Стекло брызнуло на кафель, и Надежда замерла с тряпкой в руке, глядя, как чёрный кофе растекается по белой плитке солнечными лучами. Она убирала уже три часа — вымыла полы в коридоре, протёрла пыль в гостиной, сложила стопкой старые газеты на журнальном столике, переставила вазу с засохшими цветами на подоконник. Руки гудели, спина ныла, но это была привычная боль, почти родная, такая же, как запах нашатыря в больницах и бесконечные очереди в аптеках.
— Девушка! — раздался из спальни голос, скрипучий, как несмазанная дверь, которую давно пора заменить. — Вы там мою фарфоровую чашку разбили? Я слышал звон. У меня, знаете ли, слух абсолютный, не то что у некоторых.
— Нет, Антон Борисович, это я свою уронила, — солгала Надежда и принялась собирать осколки. Своей чашки у неё не было — она пила из старой кружки с трещиной, которую нашла в шкафу на кухне за банками с крупами. Кружка была когда-то белой, с надписью «Счастье есть», но от надписи осталось только «асть», и Надежда каждый раз, поднося её к губам, думала, что это символично.
— Не врите, девушка, я всё слышу. Моя это была чашка, та, что из Германии привёз. Дрезден, между прочим. Ручная работа. Не каждый день такое по лавкам валяется.

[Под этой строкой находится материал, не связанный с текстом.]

(* Let $IS$ be an ISRL with model $M$ and $\varphi$ a formula of the $A\bar BN$ fragment of EHS$^{+}$. If $I,I'$ are intervals of $M$ with $MCT_I^\varphi=MCT_{I'}^\varphi$, then $M,I\models\varphi$ if and only if $M,I'\models\varphi$.
   Context: **Regular expressions.** For a finite alphabet $X$, $RE_X$ is the set of regular expressions $e ::= \emptyset \mid \epsilon \mid s \mid e;e \mid e+e \mid e^*$ with $s\in X$. $L(e)$ denotes the standard language of $e$. **ISRL.** Fix agents $A=\{0,\dots,m\}$ and a finite set $\mathit{Var}$ of propositional variables. An ISRL is $IS=(\{L_i\},\{l_i^0\},\{ACT_i\},\{P_i\},\{t_i\},\lambda)$ where, for each $i\in A$: - $L_i$ is a finite set of local states and $l_i^0\in L_i$; - $ACT_i$ is a finite set of actions and $P_i:L_i\to 2^{ACT_i}$; - $t_i\subseteq L_i\times ACT\times L_i$, with $ACT=ACT_0\times\dots\times ACT_m$; - $\lambda:\mathit{Var}\to RE_G$, where $G=L_0\times\dots\times L_m$. $t^G((l_0,\dots,l_m),(l'_0,\dots,l'_m))$ holds iff some $(a_0,\dots,a_m)\in ACT$ has $a_i\in P_i(l_i)$ and $(l_i,(a_0,\dots,a_m),l'_i)\in t_i$ for all $i$. **Model of $IS$.** - States $S$ are the nonempty sequences $g_0\dots g_k$ with $g_0=(l_0^0,\dots,l_m^0)$ and $t^G(g_j,g_{j+1})$ for all $j<k$. - $t(g_0\dots g_k,g'_0\dots g'_l)$ iff $l=k+1$ and $g_j=g'_j$ for all $j\le k$. - $g_0\dots g_k\sim_i g'_0\dots g'_l$ iff $g_k,g'_l$ have the same $i$-th component. - $\mathrm{g}(g_0\dots g_k)=g_k$. **Intervals.** An interval is a nonempty sequence $I=s_1\dots s_n$ of states with $t(s_j,s_{j+1})$; $\mathit{first}(I)=s_1$, $\mathit{last}(I)=s_n$, $\mathrm{g}(I)=\mathrm{g}(s_1)\dots\mathrm{g}(s_n)$, and $\mathit{pi}(I)$ iff $n=1$. **Relations.** - $I\sim_i I'$ iff $|I|=|I'|$ and the states are pointwise $\sim_i$-related; $\sim_\Gamma$ is the transitive closure of $\bigcup_{i\in\Gamma}\sim_i$. - $I R_A I'$ iff $\mathit{first}(I')=\mathit{last}(I)$. - $I R_{\bar B} I'$ iff $I'=II_1$ for some interval $I_1$. - $I R_N I'$ iff $t(\mathit{last}(I),\mathit{first}(I'))$. - $R_{K_i}=\sim_i$, $R_{C_\Gamma}=\sim_\Gamma$, $R_{\langle A\rangle}=R_A$, $R_{\langle\bar B\rangle}=R_{\bar B}$, $R_{\langle N\rangle}=R_N$. **$A\bar BN$ fragment of EHS$^{+}$.** Syntax: $\varphi::=\mathit{pi}\mid p\mid\neg\varphi\mid\varphi\wedge\varphi\mid K_i\varphi\mid C_\Gamma\varphi\mid\langle A\rangle\varphi\mid\langle\bar B\rangle\varphi\mid\langle N\rangle\varphi$. Semantics: - $M,I\models\mathit{pi}$ iff $|I|=1$; - $M,I\models p$ iff $\mathrm{g}(I)\in L(\lambda(p))$; - Boolean connectives as usual; - for each modality $X$ above, the universal ones $K_i,C_\Gamma$ require the subformula on all $R_X$-related intervals, and the existential ones $\langle A\rangle,\langle\bar B\rangle,\langle N\rangle$ require it on some $R_X$-related interval. A top-level sub-formula of $\varphi$ is a sub-formula of the form $X\psi$ with $X$ a modality that is not in the scope of any modality. **Automata.** For $p\in\mathit{Var}$ let $\mathcal A^p$ be the minimal complete deterministic finite automaton for $L(\lambda(p))$ over alphabet $G$. $\mathcal A_I$ maps each $p$ to the state of $\mathcal A^p$ reached after reading $\mathrm{g}(I)$. **Modal context tree.** $MCT_I^\varphi$ is defined by recursion on $\varphi$ as the pair consisting of: - the root label $(\mathrm{g}(\mathit{first}(I)),\mathrm{g}(\mathit{last}(I)),\mathit{pi}(I),\mathcal A_I)$; - for each top-level sub-formula $X\psi$ of $\varphi$, the set $\{MCT_{I'}^\psi : I R_X I'\}$. *)

theory Defs
  imports Main
begin
(* Every twisted net with $n$ vertices has at least $2^{n/18+2/3}$ perfect matchings.
   Context: In a graph with all degrees $2$ or $3$, the degree-two vertices are corners; for a graph consisting of a single edge, both its ends are corners. Twisted nets are defined inductively: a $4$-cycle is a twisted net; if $T$ is a twisted net and $H$ is (disjoint from $T$) either a twisted net or a single edge, then the graph obtained from $T\cup H$ by adding edges $uv$ and $u'v'$, where $u\neq u'$ are corners of $T$ and $v\ne v'$ are corners of $H$, is a twisted net. Every twisted net has exactly four corners. *)

theory Defs
  imports Complex_Main
begin

text \<open>Graphs are pairs (V, E) with E a set of 2-element subsets of V.
  A corner of a graph with all degrees 2 or 3 is a vertex of degree 2.\<close>

definition degree :: "'a set set \<Rightarrow> 'a \<Rightarrow> nat" where
  "degree E x = card {e \<in> E. x \<in> e}"

definition corner :: "'a set \<Rightarrow> 'a set set \<Rightarrow> 'a \<Rightarrow> bool" where
  "corner V E x \<longleftrightarrow> x \<in> V \<and> degree E x = 2"

inductive twisted_net :: "'a set \<Rightarrow> 'a set set \<Rightarrow> bool" where
  cycle4: "distinct [a, b, c, d] \<Longrightarrow>
     twisted_net {a, b, c, d} {{a, b}, {b, c}, {c, d}, {d, a}}"
| join_net: "twisted_net V1 E1 \<Longrightarrow> twisted_net V2 E2 \<Longrightarrow> V1 \<inter> V2 = {} \<Longrightarrow>
     corner V1 E1 u \<Longrightarrow> corner V1 E1 u' \<Longrightarrow> u \<noteq> u' \<Longrightarrow>
     corner V2 E2 v \<Longrightarrow> corner V2 E2 v' \<Longrightarrow> v \<noteq> v' \<Longrightarrow>
     twisted_net (V1 \<union> V2) (E1 \<union> E2 \<union> {{u, v}, {u', v'}})"
| join_edge: "twisted_net V1 E1 \<Longrightarrow> x \<noteq> y \<Longrightarrow> x \<notin> V1 \<Longrightarrow> y \<notin> V1 \<Longrightarrow>
     corner V1 E1 u \<Longrightarrow> corner V1 E1 u' \<Longrightarrow> u \<noteq> u' \<Longrightarrow>
     twisted_net (V1 \<union> {x, y}) (E1 \<union> {{x, y}} \<union> {{u, x}, {u', y}})"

Надежда вздохнула и пошла в спальню, неся на ладони осколки, чтобы старик убедился. Она уже знала: лучше признаться сразу, чем выслушивать потом два часа намёков и подозрений. Антон Борисович сидел в кровати, подоткнув под спину три подушки, и смотрел на неё с тем выражением, которое она выучила за две недели: насмешливое, испытующее, словно он проверял, как далеко может зайти в своей вредности и когда она сломается. Сегодня у него был особенно колючий взгляд — возможно, потому, что ночью он почти не спал, ворочался и стонал, а она слышала это через стенку, но не решалась зайти.

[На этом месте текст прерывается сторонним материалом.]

lemma abs_loop_x_less: "s \<in> {0..P} \<Longrightarrow> \<bar>loop_x s\<bar> < \<delta>"
  using loop_in_oval unfolding oval_def by (auto simp: case_prod_beta)

definition loop_angle0 :: real where
  "loop_angle0 = (SOME v. morse (loop_x 0) = radius * cos v \<and> loop_y 0 = - radius * sin v)"

definition loop_angle :: "real \<Rightarrow> real" where
  "loop_angle s = loop_angle0 + integral {0..s} (\<lambda>s. 2 * morse' (loop_x s))"

lemma loop_angle0: "morse (loop_x 0) = radius * cos loop_angle0 \<and> loop_y 0 = - radius * sin loop_angle0"
proof -
  have "(loop_x 0, loop_y 0) \<in> oval t"
    using loop_in_oval[of 0] period_pos by simp
  then obtain v where "morse (loop_x 0) = radius * cos v \<and> loop_y 0 = - radius * sin v"
    by (rule oval_polar) auto
  then show ?thesis
    unfolding loop_angle0_def by (rule someI)
qed

lemma angular_speed_bounds:
  assumes "s \<in> {0..P}"
  shows "1 \<le> 2 * morse' (loop_x s)"
  using morse'_bounds(1)[of "loop_x s"] abs_loop_x_less[OF assms] by simp

lemma continuous_on_angular_speed: "continuous_on {0..P} (\<lambda>s. 2 * morse' (loop_x s))"
proof (intro continuous_at_imp_continuous_on ballI)
  fix s assume "s \<in> {0..P}"
  then have "isCont (\<lambda>s. morse' (loop_x s)) s"
    using isCont_o2[OF DERIV_isCont[OF loop_x_deriv] isCont_morse'] abs_loop_x_less by force
  then show "isCont (\<lambda>s. 2 * morse' (loop_x s)) s"
    by (intro continuous_intros)
qed

lemma loop_angle_deriv:
  assumes "s \<in> {0..P}"
  shows "(loop_angle has_real_derivative 2 * morse' (loop_x s)) (at s within {0..P})"
  using DERIV_add[OF DERIV_const integral_has_real_derivative[OF continuous_on_angular_speed assms]]
  unfolding loop_angle_def[abs_def] by (simp only: add_0_left)

lemma loop_angle_growth:
  assumes "0 \<le> s1" "s1 \<le> s2" "s2 \<le> P"
  shows "s2 - s1 \<le> loop_angle s2 - loop_angle s1"
proof -
  have int: "(\<lambda>s. 2 * morse' (loop_x s)) integrable_on {a..b}" if "{a..b} \<subseteq> {0..P}" for a b
    using continuous_on_subset[OF continuous_on_angular_speed that] integrable_continuous_real by blast
  have "integral {0..s1} (\<lambda>s. 2 * morse' (loop_x s)) + integral {s1..s2} (\<lambda>s. 2 * morse' (loop_x s))
      = integral {0..s2} (\<lambda>s. 2 * morse' (loop_x s))"
    using assms by (intro Henstock_Kurzweil_Integration.integral_combine int) auto
  moreover have "integral {s1..s2} (\<lambda>_. 1) \<le> integral {s1..s2} (\<lambda>s. 2 * morse' (loop_x s))"
    using assms angular_speed_bounds by (intro integral_le int) auto
  ultimately show ?thesis
    using assms unfolding loop_angle_def by simp
qed

lemma continuous_on_loop_angle: "continuous_on {0..P} loop_angle"
  using loop_angle_deriv by (meson DERIV_continuous continuous_on_eq_continuous_within)

lemma loop_polar:
  assumes "s \<in> {0..P}"
  shows "morse (loop_x s) = radius * cos (loop_angle s)" "loop_y s = - radius * sin (loop_angle s)"
proof -
  define E where "E s = (morse (loop_x s) - radius * cos (loop_angle s))\<^sup>2
      + (loop_y s + radius * sin (loop_angle s))\<^sup>2" for s
  have "(E has_real_derivative 0) (at s within {0..P})" if s: "s \<in> {0..P}" for s
  proof -
    have x: "\<bar>loop_x s\<bar> < \<delta>"
      by (rule abs_loop_x_less[OF s])
    have "((\<lambda>s. morse (loop_x s)) has_real_derivative morse' (loop_x s) * (2 * loop_y s)) (at s within {0..P})"
      using DERIV_chain2[OF has_real_derivative_morse loop_x_deriv] x
      by (auto intro: has_field_derivative_at_within)
    note * = this has_field_derivative_at_within[OF loop_y_deriv] loop_angle_deriv[OF s]
    have "(E has_real_derivative
        2 * (morse (loop_x s) - radius * cos (loop_angle s))
          * (morse' (loop_x s) * (2 * loop_y s) + radius * sin (loop_angle s) * (2 * morse' (loop_x s)))
        + 2 * (loop_y s + radius * sin (loop_angle s))
          * (- pot' (loop_x s) + radius * cos (loop_angle s) * (2 * morse' (loop_x s))))
        (at s within {0..P})"
      unfolding E_def[abs_def] by (rule derivative_eq_intros * refl)+ (simp_all add: algebra_simps)
    moreover have "pot' (loop_x s) = 2 * morse (loop_x s) * morse' (loop_x s)"
      by (rule pot'_eq[OF x])
    ultimately show ?thesis
      by (simp add: algebra_simps)
  qed
  then obtain c where c: "\<And>s. s \<in> {0..P} \<Longrightarrow> E s = c"
    using has_field_derivative_zero_constant[of "{0..P}" E] by auto
  have "E s = c" "E 0 = c"
    using c assms period_pos by simp_all
  moreover have "E 0 = 0"
    unfolding E_def loop_angle_def using loop_angle0 by simp
  ultimately have "E s = 0"
    by simp
  then show "morse (loop_x s) = radius * cos (loop_angle s)" "loop_y s = - radius * sin (loop_angle s)"
    unfolding E_def by (simp_all add: sum_power2_eq_zero_iff)
qed

lemma loop_angle_period: "loop_angle P = loop_angle 0 + 2 * pi"
proof -
  have "cos (loop_angle P) = cos (loop_angle 0)" "sin (loop_angle P) = sin (loop_angle 0)"
    using loop_polar[of P] loop_polar[of 0] loop_closed period_pos radius_pos by auto
  then obtain m :: int where m: "loop_angle P = loop_angle 0 + 2 * pi * m"
    using sin_cos_eq_iff by metis
  have "P \<le> loop_angle P - loop_angle 0"
    using loop_angle_growth[of 0 P] period_pos by simp
  then have "0 < 2 * pi * real_of_int m"
    using m period_pos by linarith
  then have "0 < m"
    by (simp add: zero_less_mult_iff)
  moreover have "\<not> 2 \<le> m"
  proof
    assume "2 \<le> m"
    then have "2 * pi * 2 \<le> 2 * pi * real_of_int m"
      by (intro mult_left_mono) auto
    then have less: "loop_angle 0 + 2 * pi < loop_angle P"
      using m pi_gt_zero by linarith
    then obtain s where s: "0 \<le> s" "s \<le> P" "loop_angle s = loop_angle 0 + 2 * pi"
      using IVT'[of loop_angle 0 "loop_angle 0 + 2 * pi" P] continuous_on_loop_angle period_pos
      by auto
    then have "s \<noteq> 0" "s \<noteq> P"
      using less by auto
    have "morse (loop_x s) = morse (loop_x 0)" "loop_y s = loop_y 0"
      using loop_polar[of s] loop_polar[of 0] s period_pos by simp_all
    moreover have "\<bar>loop_x s\<bar> \<le> \<delta>" "\<bar>loop_x 0\<bar> \<le> \<delta>"
      using abs_loop_x_less[of s] abs_loop_x_less[of 0] s period_pos by simp_all
    ultimately have "\<gamma> s = \<gamma> 0"
      using morse_inj[of "loop_x s" "loop_x 0"] by (simp add: prod_eq_iff)
    moreover have "s \<in> {0..<P}" "0 \<in> {0..<P}"
      using s \<open>s \<noteq> P\<close> period_pos by auto
    ultimately show False
      using inj_onD[OF loop_inj] \<open>s \<noteq> 0\<close> by blast
  qed
  ultimately have "m = 1"
    by simp
  then show ?thesis
    using m by simp
qed

lemma loop_x_polar:
  assumes "s \<in> {0..P}"
  shows "morse_inv (radius * cos (loop_angle s)) = loop_x s"
  using morse_inv_morse[of "loop_x s"] abs_loop_x_less[OF assms] loop_polar(1)[OF assms] by simp

lemma loop_moment: "((\<lambda>s. 2 * loop_x s ^ k) has_integral angular_moment k radius) {0..P}"
proof -
  obtain K where K: "\<And>\<theta>. (K has_real_derivative angular_density k radius \<theta>) (at \<theta>)"
    and K_period: "\<And>u. K u - K (u - 2 * pi) = angular_moment k radius"
    using angular_moment_antiderivative[of radius k] radius_pos radius_small by auto
  \<comment> \<open>change of variables from time to polar angle\<close>
  have "((\<lambda>s. 2 * loop_x s ^ k) has_integral K (loop_angle P) - K (loop_angle 0)) {0..P}"
  proof (rule fundamental_theorem_of_calculus)
    show "0 \<le> P"
      using period_pos by simp
    fix s assume s: "s \<in> {0..P}"
    have "((\<lambda>s. K (loop_angle s)) has_real_derivative
        angular_density k radius (loop_angle s) * (2 * morse' (loop_x s))) (at s within {0..P})"
      by (rule DERIV_chain2[OF K loop_angle_deriv[OF s]])
    moreover have "angular_density k radius (loop_angle s) * (2 * morse' (loop_x s)) = 2 * loop_x s ^ k"
      using morse'_bounds(1)[of "loop_x s"] abs_loop_x_less[OF s]
      unfolding angular_density_def morse_inv'_def loop_x_polar[OF s] by simp
    ultimately show "((\<lambda>s. K (loop_angle s)) has_vector_derivative 2 * loop_x s ^ k) (at s within {0..P})"
      by (simp add: has_real_derivative_iff_has_vector_derivative[symmetric])
  qed
  then show ?thesis
    using K_period[of "loop_angle P"] loop_angle_period by simp
qed

lemma loop_oval_integral:
  "integral {0..P} (\<lambda>s. loop_x s ^ k / loop_y s * fst (vector_derivative \<gamma> (at s)))
    = angular_moment k radius"
proof -
  have "inj_on loop_angle {0..P}"
  proof (rule inj_onI)
    fix s1 s2 assume "s1 \<in> {0..P}" "s2 \<in> {0..P}" "loop_angle s1 = loop_angle s2"
    then show "s1 = s2"
      using loop_angle_growth[of s1 s2] loop_angle_growth[of s2 s1] by (cases s1 s2 rule: linorder_cases) auto
  qed
  \<comment> \<open>the integrand \<open>x^k dx/y\<close> equals \<open>2 x^k\<close> except where the loop crosses the x-axis\<close>
  define N where "N = loop_angle -` {\<theta>. \<theta> \<in> {loop_angle 0..loop_angle 0 + 2 * pi} \<and> sin \<theta> = 0} \<inter> {0..P}"
  have "finite N"
    unfolding N_def by (intro finite_vimage_IntI finite_sin_zeros \<open>inj_on loop_angle {0..P}\<close>)
  have "integral {0..P} (\<lambda>s. loop_x s ^ k / loop_y s * fst (vector_derivative \<gamma> (at s)))
      = integral {0..P} (\<lambda>s. 2 * loop_x s ^ k)"
  proof (rule integral_spike[OF negligible_finite[OF \<open>finite N\<close>]])
    fix s assume s: "s \<in> {0..P} - N"
    then have "loop_angle 0 \<le> loop_angle s" "loop_angle s \<le> loop_angle 0 + 2 * pi"
      using loop_angle_growth[of 0 s] loop_angle_growth[of s P] loop_angle_period by auto
    then have "sin (loop_angle s) \<noteq> 0"
      using s unfolding N_def by auto
    then have "loop_y s \<noteq> 0"
      using loop_polar(2)[of s] s radius_pos by auto
    then show "2 * loop_x s ^ k = loop_x s ^ k / loop_y s * fst (vector_derivative \<gamma> (at s))"
      unfolding loop_velocity_x by simp
  qed
  also have "\<dots> = angular_moment k radius"
    by (rule integral_unique[OF loop_moment])
  finally show ?thesis .
qed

— Точно моя, — констатировал он, рассматривая кусок с недорисованным голубым цветком. На осколке виднелся краешек лепестка и крошечная трещинка, которой раньше не было. — Из Дрездена привёз, подарок. И что теперь прикажете делать?

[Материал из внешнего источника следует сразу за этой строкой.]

section \<open>Greedy covering\<close>

lemma exists_heavy_element:
  assumes W: "finite W" "W \<noteq> {}" and U: "U \<subseteq> W"
    and deg: "\<And>x. x \<in> U \<Longrightarrow> L \<le> card {y \<in> W. R x y}"
  shows "\<exists>y\<in>W. card U * L \<le> card {x \<in> U. R x y} * card W"
proof (rule ccontr)
  assume "\<not> ?thesis"
  then have light: "\<And>y. y \<in> W \<Longrightarrow> card {x \<in> U. R x y} * card W < card U * L"
    by (simp add: not_le)
  have "finite U" using W U finite_subset by blast
  have "card U * L * card W = (\<Sum>x\<in>U. L) * card W"
    by simp
  also have "\<dots> \<le> (\<Sum>x\<in>U. card {y \<in> W. R x y}) * card W"
    using deg by (intro mult_right_mono sum_mono) auto
  also have "(\<Sum>x\<in>U. card {y \<in> W. R x y}) = (\<Sum>y\<in>W. card {x \<in> U. R x y})"
    using sum.swap_restrict[OF \<open>finite U\<close> W(1), of "\<lambda>_ _. 1::nat" R] by simp
  also have "(\<Sum>y\<in>W. card {x \<in> U. R x y}) * card W = (\<Sum>y\<in>W. card {x \<in> U. R x y} * card W)"
    by (simp add: sum_distrib_right)
  also have "\<dots> < (\<Sum>y\<in>W. card U * L)"
    using W light by (intro sum_strict_mono) auto
  also have "\<dots> = card U * L * card W"
    by simp
  finally show False
    by simp
qed

lemma greedy_cover_residue:
  assumes W: "finite W" "W \<noteq> {}" and deg: "\<And>x. x \<in> W \<Longrightarrow> L \<le> card {y \<in> W. R x y}"
  shows "\<exists>Ys. length Ys = m \<and> set Ys \<subseteq> W \<and>
           real (card {x \<in> W. \<forall>y\<in>set Ys. \<not> R x y}) \<le> card W * (1 - L / card W) ^ m"
proof (induction m)
  case 0
  show ?case by (intro exI[of _ "[]"]) simp
next
  case (Suc m)
  then obtain Ys where Ys: "length Ys = m" "set Ys \<subseteq> W"
    and residue: "real (card {x \<in> W. \<forall>y\<in>set Ys. \<not> R x y}) \<le> card W * (1 - L / card W) ^ m"
    by blast
  define U where "U = {x \<in> W. \<forall>y\<in>set Ys. \<not> R x y}"
  obtain y where y: "y \<in> W" and heavy: "card U * L \<le> card {x \<in> U. R x y} * card W"
    using exists_heavy_element[OF W, of U L R] deg unfolding U_def by auto
  have "finite U" using W(1) unfolding U_def by simp
  have "0 < card W" using W by (simp add: card_gt_0_iff)
  obtain x where "x \<in> W" using W by blast
  then have "L \<le> card W"
    using order_trans[OF deg card_mono[OF W(1)]] by blast
  then have shrink: "0 \<le> 1 - L / card W"
    using \<open>0 < card W\<close> by (simp add: field_simps)
  have "real (card U) * L \<le> card {x \<in> U. R x y} * card W"
    using heavy by (metis of_nat_le_iff of_nat_mult)
  then have covered: "card U * (L / card W) \<le> card {x \<in> U. R x y}"
    using \<open>0 < card W\<close> by (subst times_divide_eq_right, subst pos_divide_le_eq) auto
  have "card {x \<in> U. R x y} \<le> card U"
    using \<open>finite U\<close> by (rule card_mono) auto
  then have "real (card (U - {x \<in> U. R x y})) = real (card U) - real (card {x \<in> U. R x y})"
    using \<open>finite U\<close> by (simp add: card_Diff_subset of_nat_diff)
  also have "\<dots> \<le> card U * (1 - L / card W)"
    using covered by (simp only: right_diff_distrib mult_1_right diff_left_mono)
  also have "\<dots> \<le> card W * (1 - L / card W) ^ m * (1 - L / card W)"
    using residue shrink unfolding U_def by (intro mult_right_mono) auto
  finally have "real (card (U - {x \<in> U. R x y})) \<le> card W * (1 - L / card W) ^ Suc m"
    by (simp add: ac_simps)
  moreover have "{x \<in> W. \<forall>z\<in>set (y # Ys). \<not> R x z} = U - {x \<in> U. R x y}"
    unfolding U_def by auto
  ultimately show ?case
    using Ys y by (intro exI[of _ "y # Ys"]) auto
qed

— Я новую куплю, — тихо сказала Надежда. Она стояла ровно, не опуская глаз, хотя внутри всё сжималось от понимания своего бессилия.
— Купите? На свою зарплату? — он фыркнул, и этот звук был похож на лай старой больной собаки. — Там такая чашка сто тысяч стоит, если не больше. Раритет. Вы вообще понимаете, что такое раритет? Вещь, которая пережила войну, между прочим.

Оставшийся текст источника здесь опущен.